On August 1, 2022, plaintiff David Handler ("Plaintiff," or "Handler"), in his alleged capacity as a partner of Centerview Partners Holdings L.P. ("Defendant," or "Centerview Topco"), initiated this action seeking to compel the inspection of books and records of Centerview Topco pursuant to 6 Del. C. § 17-305.

According to his books and records complaint, Plaintiff joined Centerview in 2008 when he founded Centerview's Tech Team and became a partner of Centerview Topco's wholly owned broker subsidiary, Centerview Partners LLC, and Centerview's advisory business, Centerview Partners Advisory Holdings LLC. Verified Compl. to Compel Inspection of Books and Records ¶ 3, Dkt. No. 1 [hereinafter the "Handler Compl."]. In 2012, Centerview founders Robert Pruzan and Blair Effron "offered Handler a partnership with broader longer-term equity and economics in the overall business to be held through" Centerview Topco, and the parties thereafter operated under an oral partnership agreement. Handler Compl. ¶¶ 4-5. When, in 2021, Pruzan and Effron sought to renegotiate that arrangement, Handler served his demand, seeking to inspect eighteen categories of books and records of Centerview Topco.[1] Id. ¶¶ 7, 29.
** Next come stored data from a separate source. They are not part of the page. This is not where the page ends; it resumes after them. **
lemma red_one: "red 1 = 1"
  using reduction by (simp add: is_reduction_def)

lemma red_eq_0_iff: "\<nu> x \<ge> 0 \<Longrightarrow> red x = 0 \<longleftrightarrow> \<nu> x > 0"
  using reduction by (simp add: is_reduction_def)

lemma red_zero: "red 0 = 0"
  by (simp add: red_eq_0_iff val_zero)

lemma red_sum:
  "finite A \<Longrightarrow> (\<And>i. i \<in> A \<Longrightarrow> \<nu> (f i) \<ge> 0) \<Longrightarrow> red (sum f A) = (\<Sum>i\<in>A. red (f i))"
proof (induction A rule: finite_induct)
  case empty
  then show ?case
    by (simp add: red_zero)
next
  case (insert a A)
  then have "\<nu> (sum f A) \<ge> 0"
    by (intro val_sum_ge) auto
  with insert show ?case
    by (simp add: red_add)
qed

lemma red_power: "\<nu> x \<ge> 0 \<Longrightarrow> red (x ^ n) = red x ^ n"
  by (induction n) (simp_all add: red_one red_mult val_power_nonneg)

lemma red_kron_pow:
  assumes "\<And>r c. \<nu> (M r c) \<ge> 0"
  shows "red (kron_pow M rs cs) = kron_pow (\<lambda>r c. red (M r c)) rs cs"
proof (induction rs arbitrary: cs)
  case Nil
  then show ?case
    by (cases cs) (simp_all add: red_one red_zero)
next
  case (Cons r rs)
  then show ?case
    by (cases cs) (simp_all add: red_zero red_mult assms val_kron_pow_nonneg)
qed

lemma vec_val_mat_apply_le:
  assumes "finite C" and A_int: "\<And>r c. r \<in> R \<Longrightarrow> c \<in> C \<Longrightarrow> \<nu> (A r c) \<ge> 0"
    and "kernel_trivial R C (\<lambda>r c. red (A r c))"
  shows "vec_val \<nu> R (\<lambda>r. \<Sum>c\<in>C. A r c * x c) \<le> vec_val \<nu> C x"
proof -
  consider "\<forall>c\<in>C. x c = 0" | b where "b \<in> C" "x b \<noteq> 0" "\<forall>c\<in>C. \<nu> (x b) \<le> \<nu> (x c)"
  proof (cases "\<forall>c\<in>C. x c = 0")
    case False
    then obtain b where "is_arg_min (\<lambda>c. \<nu> (x c)) (\<lambda>c. c \<in> C) b"
      using ex_is_arg_min_if_finite[OF \<open>finite C\<close>] by blast
    then have "b \<in> C" and b_min: "\<forall>c\<in>C. \<nu> (x b) \<le> \<nu> (x c)"
      by (auto simp: is_arg_min_linorder)
    moreover have "x b \<noteq> 0"
      using False b_min by (auto simp: val_zero val_eq_infinity_iff)
    ultimately show ?thesis
      using that(2) by blast
  qed (simp add: val_zero)
  then show ?thesis
  proof cases
    case 1
    then show ?thesis
      by (simp add: vec_val_def val_zero flip: top_ereal_def)
  next
    case 2
    define u where "u c = x c / x b" for c
    have u_int: "\<nu> (u c) \<ge> 0" if "c \<in> C" for c
      using 2 that by (simp add: u_def val_divide_nonneg)
    have "red (u b) \<noteq> 0"
      using 2 by (simp add: u_def red_one)
    then obtain r where "r \<in> R" and red_ne_0: "(\<Sum>c\<in>C. red (A r c) * red (u c)) \<noteq> 0"
      using assms(3)[unfolded kernel_trivial_def, rule_format, of "\<lambda>c. red (u c)" b] \<open>b \<in> C\<close>
      by blast
    define y where "y = (\<Sum>c\<in>C. A r c * x c)"
    have y_div: "y / x b = (\<Sum>c\<in>C. A r c * u c)"
      by (simp add: y_def u_def sum_divide_distrib)
    have terms_int: "\<nu> (A r c * u c) \<ge> 0" if "c \<in> C" for c
      using A_int[OF \<open>r \<in> R\<close> that] u_int[OF that] by (simp add: val_mult)
    then have "\<nu> (y / x b) \<ge> 0"
      unfolding y_div using \<open>finite C\<close> by (intro val_sum_ge)
    moreover have "red (y / x b) \<noteq> 0"
      using red_ne_0 A_int[OF \<open>r \<in> R\<close>] u_int
      by (simp add: y_div red_sum[OF \<open>finite C\<close> terms_int] red_mult del: times_divide_eq_right)
    ultimately have "\<nu> (y / x b) = 0"
      by (simp add: red_eq_0_iff)
    then have "\<nu> y = \<nu> (x b)"
      using val_mult[of "y / x b" "x b"] \<open>x b \<noteq> 0\<close> by simp
    then have "vec_val \<nu> R (\<lambda>r. \<Sum>c\<in>C. A r c * x c) \<le> \<nu> (x b)"
      using INF_lower[OF \<open>r \<in> R\<close>, of "\<lambda>r. \<nu> (\<Sum>c\<in>C. A r c * x c)"]
      by (simp add: vec_val_def y_def)
    also have "\<nu> (x b) \<le> vec_val \<nu> C x"
      using 2 unfolding vec_val_def by (intro INF_greatest) auto
    finally show ?thesis .
  qed
qed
On August 29, 2022, Centerview Topco filed its own complaint against Handler in a related action, Centerview Partners Holdings L.P. v. Handler, C. A. No. 2022-0767-SG (the "Substantive Action"), seeking, among other things, a declaratory judgment that Handler "is not and never has been a partner (limited or otherwise) of" Centerview Topco. Centerview Partners Holdings L.P. v. Handler, C. A. No. 2022-0767-SG, Verified Complaint, Dkt. No. 1, "Prayer for Relief" [hereinafter the "Centerview Compl."]. The complaint in that action alleges that between 2012 and 2013, the parties negotiated a draft partnership agreement, but Handler refused to sign it. Id. ¶ 2. A partnership agreement for Centerview Topco (the "L.P. Agreement") was later finalized and executed in November 2013 by Pruzan and Effron, but not Handler. Id. ¶¶ 42, 44-45. According to Centerview Topco's complaint, between 2012 and 2021, "Handler never claimed to be (or acted as if he was) a Topco limited partner," nor did he receive a Schedule K-1 federal tax form reporting income, losses and dividends for Centerview Topco,[2] as Centerview Topco's other partners received in that period. Id. ¶ 6; Def.'s Opp'n to Pl.'s Mot. to Compel ¶ 4, Dkt. No. 66 [hereinafter "Opp'n"].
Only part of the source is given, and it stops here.